Chickenpox Facts: Lesson for Kids

Instructor: Courtney Hurst

Courtney has taught third grade and has a master's degree in curriculum and instruction.

Chickenpox is a disease, also known as varicella, that can be very serious to children's health. In this lesson, you will learn about what chickenpox is, its dangers, and how it may be avoided.

What Is Chickenpox?

You are covered in red spots, itching all over, and have a high fever. These symptoms could be signs that you have chickenpox. Oh no!

Chickenpox is typically not too dangerous, with only 100 deaths among four million cases of chickenpox each year. Chickenpox used to be very common among children, but in the mid-1990s a vaccine was issued to help prevent people from getting this disease.

Chickenpox is a disease caused by the varicella zoster virus. Varicella is the medical term for the virus, but we more commonly hear chickenpox. Chickenpox is a very contagious virus. Contagious means that the disease spreads very easily to other people. If you get the chickenpox, you should stay home from school until the virus has gone away.

The chickenpox virus develops small red bumps or blisters all over your body in response to your exposure, or contact with the virus. You can be exposed to the virus through simple things like coughing, sneezing, saliva, or direct contact with someone else's chickenpox blisters.

Symptoms of Chickenpox

Child with chickenpox
child with pox

The most known and common symptom of chickenpox is a body covered in red bumps. However, in addition to these red bumps, you may encounter a fever, headache, and loss of appetite. In fact, you may experience the other symptoms 48 hours before the red bumps appear.
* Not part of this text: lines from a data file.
lemma lebn_eq_scale_distr_scale_coord0:
  assumes "c > 0" "0 < k"
  shows "lebn k = scale_measure (ennreal c) (distr (lebn k) (lebn k) (scale_coord0 c))"
  unfolding lebn_def
proof (rule sym, rule product_sigma_finite.PiM_eqI)
  show "product_sigma_finite (\<lambda>_::nat. lborel :: real measure)"
    by (simp add: product_sigma_finite_def sigma_finite_lborel)
  then interpret product_sigma_finite "\<lambda>_::nat. lborel :: real measure" .
  fix A :: "nat \<Rightarrow> real set" assume A: "\<And>i. i \<in> {..<k} \<Longrightarrow> A i \<in> sets lborel"
  define A' where "A' = A(0 := (*) c -` A 0)"
  have A'_sets: "A' i \<in> sets lborel" if "i \<in> {..<k}" for i
  proof (cases "i = 0")
    case True
    have "(*) c -` A 0 \<in> sets borel"
      by (rule measurable_sets_borel[of "(*) c"]) (use A[of 0] assms(2) in auto)
    then show ?thesis using True by (simp add: A'_def)
  qed (use A that in \<open>simp add: A'_def\<close>)
  have vimage: "scale_coord0 c -` PiE {..<k} A \<inter> space (PiM {..<k} (\<lambda>_. lborel)) = PiE {..<k} A'"
    using assms by (auto simp: scale_coord0_def A'_def space_PiM PiE_def extensional_def Pi_def split: if_splits)
  have split0: "(\<Prod>i<k. f i) = f 0 * (\<Prod>i\<in>{..<k} - {0}. f i)" for f :: "nat \<Rightarrow> ennreal"
    using assms(2) by (subst prod.remove[of _ 0]) auto
  have "emeasure (distr (PiM {..<k} (\<lambda>_. lborel)) (PiM {..<k} (\<lambda>_. lborel)) (scale_coord0 c)) (PiE {..<k} A)
      = (\<Prod>i<k. emeasure lborel (A' i))"
    using measurable_scale_coord0[OF assms(2)] A A'_sets
    by (subst emeasure_distr) (auto simp: lebn_def vimage intro!: emeasure_PiM)
  also have "\<dots> = ennreal (inverse c) * (\<Prod>i<k. emeasure lborel (A i))"
    using A assms by (simp add: split0 A'_def emeasure_lborel_vimage_mult mult.assoc)
  finally show "emeasure (scale_measure (ennreal c) (distr (PiM {..<k} (\<lambda>_. lborel)) (PiM {..<k} (\<lambda>_. lborel)) (scale_coord0 c))) (PiE {..<k} A)
      = (\<Prod>i<k. emeasure lborel (A i))"
    using assms(1) by (simp add: mult.assoc[symmetric] ennreal_mult[symmetric])
qed simp_all

lemma emeasure_image_scale_coord0:
  assumes "c > 0" "0 < k" "K \<in> sets (lebn k)"
  shows "emeasure (lebn k) (scale_coord0 c ` K) = ennreal c * emeasure (lebn k) K"
proof -
  have "K \<subseteq> rspace k" using sets.sets_into_space[OF assms(3)] by (simp add: space_lebn)
  then have "scale_coord0 c ` K = scale_coord0 (inverse c) -` K \<inter> space (lebn k)"
    using assms by (auto simp: image_scale_coord0_eq_vimage space_lebn)
  also have "emeasure (lebn k) \<dots> = emeasure (distr (lebn k) (lebn k) (scale_coord0 (inverse c))) K"
    using measurable_scale_coord0[OF assms(2)] assms(3) by (simp add: emeasure_distr)
  also have "\<dots> = ennreal c * emeasure (lebn k) K"
  proof -
    have "emeasure (lebn k) K
        = ennreal (inverse c) * emeasure (distr (lebn k) (lebn k) (scale_coord0 (inverse c))) K"
      using lebn_eq_scale_distr_scale_coord0[of "inverse c" k] assms(1,2)
      by (metis emeasure_scale_measure inverse_positive_iff_positive)
    moreover have "ennreal c * ennreal (inverse c) = 1"
      using assms(1) by (simp add: ennreal_mult[symmetric])
    ultimately show ?thesis by (simp add: mult.assoc[symmetric])
  qed
  finally show ?thesis .
qed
Once your bumps appear, they will continue to show up in new spots. The bumps will turn into blisters filled with fluid and eventually break open and scab over. It's important to keep your hands from scratching these bumps, even though they will be extremely itchy!

The most important thing to know about chickenpox is how contagious it is. While this disease is typically more annoying than dangerous, it must be taken very seriously to avoid infection or serious illness.